Message #5 received at submit <at> debbugs.gnu.org (full text, mbox):

From: Mattias Engdegård <mattiase <at> acm.org>
To: bug-gnu-emacs <at> gnu.org
Subject: rx: (or ...) order unpredictable
Date: Sun, 24 Feb 2019 19:40:33 +0100
The rx (or ...) construct sometimes reorders its subexpressions, which makes its semantics unpredictable. For example,

(rx (or "ab" "a") (or "a" "ab"))
=>
"\\(?:ab?\\)\\(?:ab?\\)"

The user reasonably expects (or e1 e2) to translate to E1\|E2, where ei translates to Ei, or a semantic equivalent. Not having this control makes rx useless or dangerous for many purposes.

The reason for the reordering is the use of regex-opt behind the scenes. Whether rx is the place to do this kind of optimisation is a matter of opinion; mine is that it belongs in the regexp engine, together with other, more aggressive optimisations (DFA, native-code generation, etc) could be performed as well.

We could determine whether any string is a prefix of another. If not, regexp-opt should be safe to call. Alternatively, this check could be done in regexp-opt (activated by a flag). That would be my preferred short-term solution.

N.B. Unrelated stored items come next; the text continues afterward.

lemma sum_permutes_Suc_image:
  assumes len: "length ys = Suc N"
  shows "(\<Sum>\<sigma> | \<sigma> permutes Suc ` {..<N}. of_int (sign \<sigma>) * F (permute_list \<sigma> ys))
       = fact N * alt (\<lambda>ws. F (hd ys # ws)) (tl ys)"
proof -
  let ?shift = "map_permutation {..<N} Suc"
  have "bij_betw ?shift (perms N) {\<sigma>. \<sigma> permutes Suc ` {..<N}}"
  proof -
    have "?shift = (\<lambda>\<pi> x. if x \<in> Suc ` {..<N} then Suc (\<pi> (inv_into {..<N} Suc x)) else x)"
      by (auto simp: fun_eq_iff map_permutation_def restrict_id_def)
    then show ?thesis
      using bij_betw_permutations[of Suc "{..<N}" "Suc ` {..<N}"] by (simp add: bij_betw_def)
  qed
  then have "(\<Sum>\<sigma> | \<sigma> permutes Suc ` {..<N}. of_int (sign \<sigma>) * F (permute_list \<sigma> ys))
      = (\<Sum>\<tau>\<in>perms N. of_int (sign (?shift \<tau>)) * F (permute_list (?shift \<tau>) ys))"
    by (rule sum.reindex_bij_betw[symmetric])
  also have "\<dots> = (\<Sum>\<tau>\<in>perms N. of_int (sign \<tau>) * F (hd ys # permute_list \<tau> (tl ys)))"
    using len by (intro sum.cong refl) (simp add: sign_map_permutation permute_list_shift_perm)
  finally show ?thesis
    using len by (simp add: alt_eq_sum_permute_list)
qed
(* For each $n\in\{1,2,3,\dots\}\cup\{\infty\}$ there exists a locally finite group $G^n$ with a proper left invariant metric $d_n$ such that $\operatorname{asdim}_{AN}(G^n,d_n)=n$.
   Context: A group is locally finite if every finitely generated subgroup is finite. A metric $d$ on a group is proper left invariant if $d(gh,gk)=d(h,k)$ for all $g,h,k$ and every ball is finite. $\operatorname{asdim}_{AN}(X)$ is the least $n$ for which there are constants $C>0$, $k\in\mathbb{R}$ such that for every $s>0$ there is a cover $\{\mathcal U_0,\dots,\mathcal U_n\}$ of $X$ whose members have $s$-scale connected components (classes of "joined by a finite chain inside the set with consecutive distances $<s$") of diameter at most $Cs+k$; it is $\infty$ if no such $n$ exists. *)

theory Defs
  imports "HOL-Algebra.Algebra" "HOL-Library.Extended_Nat"
begin

definition locally_finite_group :: "('a, 'b) monoid_scheme \<Rightarrow> bool" where
  "locally_finite_group G \<longleftrightarrow> group G \<and>
     (\<forall>S. S \<subseteq> carrier G \<and> finite S \<longrightarrow> finite (generate G S))"

definition metric_on :: "'a set \<Rightarrow> ('a \<Rightarrow> 'a \<Rightarrow> real) \<Rightarrow> bool" where
  "metric_on A d \<longleftrightarrow>
     (\<forall>x\<in>A. \<forall>y\<in>A. 0 \<le> d x y \<and> (d x y = 0 \<longleftrightarrow> x = y) \<and> d x y = d y x) \<and>
     (\<forall>x\<in>A. \<forall>y\<in>A. \<forall>z\<in>A. d x z \<le> d x y + d y z)"

definition proper_left_invariant_metric ::
  "('a, 'b) monoid_scheme \<Rightarrow> ('a \<Rightarrow> 'a \<Rightarrow> real) \<Rightarrow> bool" where
  "proper_left_invariant_metric G d \<longleftrightarrow>
     metric_on (carrier G) d \<and>
     (\<forall>g\<in>carrier G. \<forall>h\<in>carrier G. \<forall>k\<in>carrier G.
        d (g \<otimes>\<^bsub>G\<^esub> h) (g \<otimes>\<^bsub>G\<^esub> k) = d h k) \<and>
     (\<forall>x\<in>carrier G. \<forall>r::real. finite {y\<in>carrier G. d x y \<le> r})"

definition scale_connected :: "('a \<Rightarrow> 'a \<Rightarrow> real) \<Rightarrow> real \<Rightarrow> 'a set \<Rightarrow> 'a \<Rightarrow> 'a \<Rightarrow> bool" where
  "scale_connected d s U x y \<longleftrightarrow> x \<in> U \<and>
     (\<lambda>a b. a \<in> U \<and> b \<in> U \<and> d a b < s)\<^sup>*\<^sup>* x y"
lemma pair_hadamard_col_low:
  "0 < p \<Longrightarrow> p < M \<Longrightarrow> a mod M = 0 \<Longrightarrow>
    pair_hadamard M p l a = basis_vec a inv_sqrt2 l + basis_vec (a + p) inv_sqrt2 l"
  unfolding pair_hadamard_def basis_vec_def using mod_add_less[of l M p] by auto

lemma pair_hadamard_col_high:
  assumes p: "0 < p" "p < M" and a: "a mod M = p"
  shows "pair_hadamard M p l a = basis_vec a (- inv_sqrt2) l + basis_vec (a - p) inv_sqrt2 l"
proof -
  have ap: "p \<le> a" and am: "(a - p) mod M = 0" using sub_mod_eq_0[OF a] by simp_all
  consider "l = a" | "l = a - p" | "l \<noteq> a" "l \<noteq> a - p" by blast
  then show ?thesis
  proof cases
    case 1
    moreover have "a - p \<noteq> a" using p ap by simp
    ultimately show ?thesis using a unfolding pair_hadamard_def basis_vec_def by simp
  next
    case 2
    then have "l mod M = 0 \<and> a = l + p" using am ap by simp
    moreover have "a - p \<noteq> a" using p ap by simp
    ultimately show ?thesis using 2 unfolding pair_hadamard_def basis_vec_def by simp
  next
    case 3
    then have "\<not> (l mod M = 0 \<and> a = l + p)" "\<not> (a mod M = 0 \<and> l = a + p)" using a p by auto
    then show ?thesis
      using 3 unfolding pair_hadamard_def basis_vec_def by (simp only: if_False) simp
  qed
qed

(Speaking of regexp-opt, it has another bug that does not affect rx: it returns the empty string if given an empty list of strings. The correct return value is a regexp that never matches anything. Fix it, document it, or turn it into an error?)





Information forwarded to bug-gnu-emacs <at> gnu.org:
bug#34641; Package emacs. (Sun, 24 Feb 2019 19:07:01 GMT) Full text and rfc822 format available.

Message #8 received at 34641 <at> debbugs.gnu.org (full text, mbox):

From: Eli Zaretskii <eliz <at> gnu.org>
To: Mattias Engdegård <mattiase <at> acm.org>
Cc: 34641 <at> debbugs.gnu.org
Subject: Re: bug#34641: rx: (or ...) order unpredictable
Date: Sun, 24 Feb 2019 21:06:34 +0200
> From: Mattias Engdegård <mattiase <at> acm.org>
> Date: Sun, 24 Feb 2019 19:40:33 +0100
> 
> We could determine whether any string is a prefix of another. If not, regexp-opt should be safe to call. Alternatively, this check could be done in regexp-opt (activated by a flag). That would be my preferred short-term solution.

Your preferred solution is fine with me, FWIW.

> (Speaking of regexp-opt, it has another bug that does not affect rx: it returns the empty string if given an empty list of strings. The correct return value is a regexp that never matches anything. Fix it, document it, or turn it into an error?)

Fix it, I think.




Information forwarded to bug-gnu-emacs <at> gnu.org:
bug#34641; Package emacs. (Sun, 24 Feb 2019 21:19:01 GMT) Full text and rfc822 format available.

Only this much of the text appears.